The fire had a serve impact on the one-storey administrative building neighbouring the theatre. “The building was ramshackle,” he said, adding that the committee had decided that converting it into a museum to display the theatre’s treasured collection of photographs of old plays would be the best way of saving it for future generations. “This required the consolidation of the building, the construction of another floor on top of the first one, and covering the original façade with a new glass one,” Abu Saida said.

“All these issues led to the increase in the previously allocated budget,” he said, adding that the stopping of the work for three years after the revolution and the increase of the price of materials as a result of changes in the exchange rates had also led to budgetary increases.

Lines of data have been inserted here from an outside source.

lemma comp_tmor_id: "cdom C g = ccod C f \<Longrightarrow> (g \<cdot> f) \<otimes> idm A = (g \<otimes> idm A) \<cdot> (f \<otimes> idm A)"
  by (subst tmor_comp) auto
lemma id_tmor_comp: "cdom C g = ccod C f \<Longrightarrow> idm A \<otimes> (g \<cdot> f) = (idm A \<otimes> g) \<cdot> (idm A \<otimes> f)"
  by (subst tmor_comp) auto
lemma tmor_comp_assoc:
  "cdom C f' = ccod C f \<Longrightarrow> cdom C g' = ccod C g \<Longrightarrow> ccod C h = tobj C (cdom C f) (cdom C g) \<Longrightarrow>
   (f' \<otimes> g') \<cdot> ((f \<otimes> g) \<cdot> h) = ((f' \<cdot> f) \<otimes> (g' \<cdot> g)) \<cdot> h"
  by (simp add: comp_assoc'[symmetric] tmor_comp)

lemmas comp_tmor_norm = comp_tmor_id id_tmor_comp tmor_assoc comp_assoc'

lemma br_natural: "cdom C f = A \<Longrightarrow> ccod C f = A' \<Longrightarrow> cdom C g = B \<Longrightarrow> ccod C g = B' \<Longrightarrow>
   cbr C A' B' \<cdot> (f \<otimes> g) = (g \<otimes> f) \<cdot> cbr C A B"
  using br_nat[of f A A' g B B'] by (simp add: hom_def)
lemma tw_natural: "cdom C f = A \<Longrightarrow> ccod C f = B \<Longrightarrow> ctw C B \<cdot> f = f \<cdot> ctw C A"
  using tw_nat[of f A B] by (simp add: hom_def)

lemma idem_add_eq_zero:
  assumes x: "cdom C x = A" "ccod C x = B" and xx: "cadd C x x = x"
  shows "x = czero C A B"
proof -
  have h: "x \<in> hom C A B" using x by (simp add: hom_def)
  have "x = cadd C x (czero C A B)" using add_zero[OF h] by simp
  also have "\<dots> = cadd C x (cadd C x (cneg C x))" using add_neg[OF h] by simp
  also have "\<dots> = cadd C (cadd C x x) (cneg C x)" using add_assoc[OF h h neg_hom[OF h]] by simp
  also have "\<dots> = czero C A B" using xx add_neg[OF h] by simp
  finally show ?thesis .
qed
text \<open>Both \<open>tZ\<close> and \<open>tF\<close> run the same recursion on halting times, and by the use principle
  a finite string that agrees with \<open>Z\<close> far enough sees the same halting times as \<open>Z\<close>.
  Hence \<open>Jf\<close> maps \<open>Z\<close> restricted to \<open>t\<^sub>n\<^sub>-\<^sub>1\<close> exactly onto the first \<open>n\<close>
  entries of \<open>JJ Z\<close>; iterating this, every \<open>JJomega Z\<close> with \<open>Z \<in> [T]\<close> is a path through
  \<open>JTomega T\<close>.
  Conversely, if \<open>\<sigma>\<^sub>k \<in> T\<close> has \<open>Jfomega \<sigma>\<^sub>k = X\<restriction>(k+1)\<close>, then injectivity of the coding
  makes the \<open>j\<close>-th entry of \<open>Jf (Jf\<^sup>i \<sigma>\<^sub>k)\<close> determine a prefix of \<open>Jf\<^sup>i \<sigma>\<^sub>k\<close> of length
  \<open>j + 2\<close>; by induction on \<open>j\<close> the strings \<open>Jf\<^sup>i \<sigma>\<^sub>k\<close> converge, as \<open>k \<rightarrow> \<infinity>\<close>, to sequences
  \<open>B\<^sub>i = approx_limit i\<close> with \<open>B\<^sub>i\<^sub>+\<^sub>1 = JJ B\<^sub>i\<close>, \<open>B\<^sub>0 \<in> [T]\<close> and \<open>X = JJomega B\<^sub>0\<close>.\<close>

fun step_time :: "nat option \<Rightarrow> nat \<Rightarrow> nat" where
  "step_time None p = Suc p"
| "step_time (Some s) p = max (Suc p) (Suc s)"

text \<open>The recursion shared by \<open>tZ\<close> and \<open>tF\<close>: \<open>h n\<close> is the halting time of
  machine \<open>n\<close> on input \<open>n\<close> (with the respective oracle), \<open>None\<close> if it diverges.\<close>

primrec tseq :: "(nat \<Rightarrow> nat option) \<Rightarrow> nat \<Rightarrow> nat" where
  "tseq h 0 = step_time (h 0) 1"
| "tseq h (Suc m) = step_time (h (Suc m)) (tseq h m)"

lemma step_time_ge: "Suc p \<le> step_time x p"
  by (cases x) auto

lemma strict_mono_tseq: "strict_mono (tseq h)"
  unfolding strict_mono_Suc_iff using step_time_ge by (simp add: Suc_le_eq)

As for complaints over the new glass façade, Abu Saida saw these as “unjustified architectural brouhaha.” There were no rights or wrongs in architecture, he said, where various visions were acceptable. Some people preferred traditional designs, he said, while others wanted to see modern or even post-modern designs. “There is a variety of acceptable architecture methods and designs,” Abu Saida said, adding that the mixing of the modern with the classic was a widespread feature of architectural design, seen, for example, at the Louvre Museum in Paris where a glass pyramid had been built within the ancient courtyard.

“This design aims to reflect the original building on the mirror glass façade of the new one in order to provide visitors with a new view of the old building,” he told the Weekly, adding that the design was in line with the development plan of the surroundings carried out by the National Organisation for Urban Harmony. According to this plan, the original entrance of the National Theatre on Al-Gomhouriya Street will be the new main entrance and the existing one on Al-Ataba Square will be closed. A “cultural path” will be built joining the National, Puppet and Taliaa Theatres, this containing an open-air theatre, a music kiosk and the water fountain that was removed several years ago.

“The project is one of the country’s new mega cultural projects, and it will not only rescue a historical site but also renew a very important cultural beacon that will help illuminate the coming generations,” Abu Saida said. Despite the controversy, the theatre is due to re-open to the public in November.